Input section start

(* Let $\mathcal{X}$ be a Polish space with a complete consistent metric $d$, let $\Theta$ be a Polish space, let $\mathcal{P}\colon\Theta\to\mathcal{M}(\mathcal{X})$ be measurable with image $\mathcal{A}_0:=\mathcal{P}(\Theta)$, and assume $\mathcal{P}$ is positive: $\mu(B_\delta(x))>0$ for all $\mu\in\mathcal{A}_0$, $x\in\mathcal{X}$, $\delta>0$. Let $\Pi_\Theta\subseteq\mathcal{M}(\Theta)$, $\Pi_0:=\mathcal{P}\Pi_\Theta\subseteq\mathcal{M}(\mathcal{A}_0)$, and let $\Phi_0\colon\mathcal{M}(\mathcal{X})\to\mathbb{R}$ be measurable and semibounded. Let $\delta>0$ and $0<\alpha<1$ satisfy $\mathcal{P}_\infty(\delta)<\alpha$. Then, for all integers $n\ge1$ and all $(x_1,\dots,x_n)\in\mathcal{X}^n$, \[\mathcal{U}(\Pi_\alpha\,|\,B^n_\delta)\ge\Pi_0^\infty(\Phi_0),\] and similarly $\mathcal{L}(\Pi_\alpha\,|\,B^n_\delta)\le\inf_{\pi\in\Pi_0}\sup\{r\in\mathbb{R}:\pi[\Phi_0<r]=0\}$.
   Context: $\mathcal{M}(\mathcal{X})$ is the set of Borel probability measures on $\mathcal{X}$ with the weak topology, metrized by the Prokhorov metric $d_{\mathcal{M}}(\mu_1,\mu_2):=\inf\{\varepsilon>0:\mu_1(A)\le\mu_2(A^\varepsilon)+\varepsilon\ \forall A\in\mathcal{B}(\mathcal{X})\}$, $A^\varepsilon=\{x:d(x,x')<\varepsilon\text{ for some }x'\in A\}$. $B_\delta(x)$ is the open $d$-ball of radius $\delta$ about $x$; $B_\alpha(\mu)$ is the open Prokhorov ball. $\mathcal{P}\Pi_\Theta$ is the set of pushforwards. $\mathcal{P}_\infty(\delta):=\sup_{x\in\mathcal{X}}\sup_{\theta\in\Theta}\mathcal{P}(\theta)[B_\delta(x)]$. Let $\mathcal{A}_\alpha:=\bigcup_{\mu\in\mathcal{A}_0}B_\alpha(\mu)$, $\mathcal{A}:=\{(\mu_1,\mu_2)\in\mathcal{M}(\mathcal{X})^2:\mu_1\in\mathcal{A}_0,\ d_{\mathcal{M}}(\mu_1,\mu_2)<\alpha\}$, $P_0(\mu_1,\mu_2)=\mu_1$, $P_\alpha(\mu_1,\mu_2)=\mu_2$, and $\Pi_\alpha:=P_\alpha P_0^{-1}\Pi_0=\{P_\alpha\pi:\pi\in\mathcal{M}(\mathcal{A}),\ P_0\pi\in\Pi_0\}\subseteq\mathcal{M}(\mathcal{A}_\alpha)$. $B^n_\delta:=\prod_{i=1}^nB_\delta(x_i)$; the data distribution under $\mu$ is $\mu^n$. For $\pi\in\mathcal{M}(\mathcal{A}_\alpha)$ with $\mathbb{E}_{\mu\sim\pi}[\mu^n(B^n_\delta)]>0$ the posterior value is $\mathbb{E}_{\mu\sim\pi}[\Phi_0(\mu)\mu^n(B^n_\delta)]/\mathbb{E}_{\mu\sim\pi}[\mu^n(B^n_\delta)]$; $\mathcal{U}(\Pi_\alpha|B^n_\delta)$ (resp. $\mathcal{L}$) is its supremum (resp. infimum) over such $\pi\in\Pi_\alpha$ ($\sup\varnothing=-\infty$, $\inf\varnothing=+\infty$). $\Pi_0^\infty(\Phi_0):=\sup_{\pi\in\Pi_0}\inf\{r\in\mathbb{R}:\pi[\Phi_0>r]=0\}$. *)

theory Defs
  imports "HOL-Probability.Probability"
begin

definition enlarge :: "'a::metric_space set \<Rightarrow> real \<Rightarrow> 'a set" where
  "enlarge A e = (\<Union>x'\<in>A. ball x' e)"

definition prokhorov :: "'a::metric_space measure \<Rightarrow> 'a measure \<Rightarrow> real" where
  "prokhorov \<mu>1 \<mu>2 = Inf {e. e > 0 \<and>
      (\<forall>A\<in>sets (borel :: 'a measure). measure \<mu>1 A \<le> measure \<mu>2 (enlarge A e) + e)}"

Input section end

**Exercise directions:** Lines that contain the string "Rightarrow" should be copied from the material above.

**Completed exercise:**
definition enlarge :: "'a::metric_space set \<Rightarrow> real \<Rightarrow> 'a set" where
definition prokhorov :: "'a::metric_space measure \<Rightarrow> 'a measure \<Rightarrow> real" where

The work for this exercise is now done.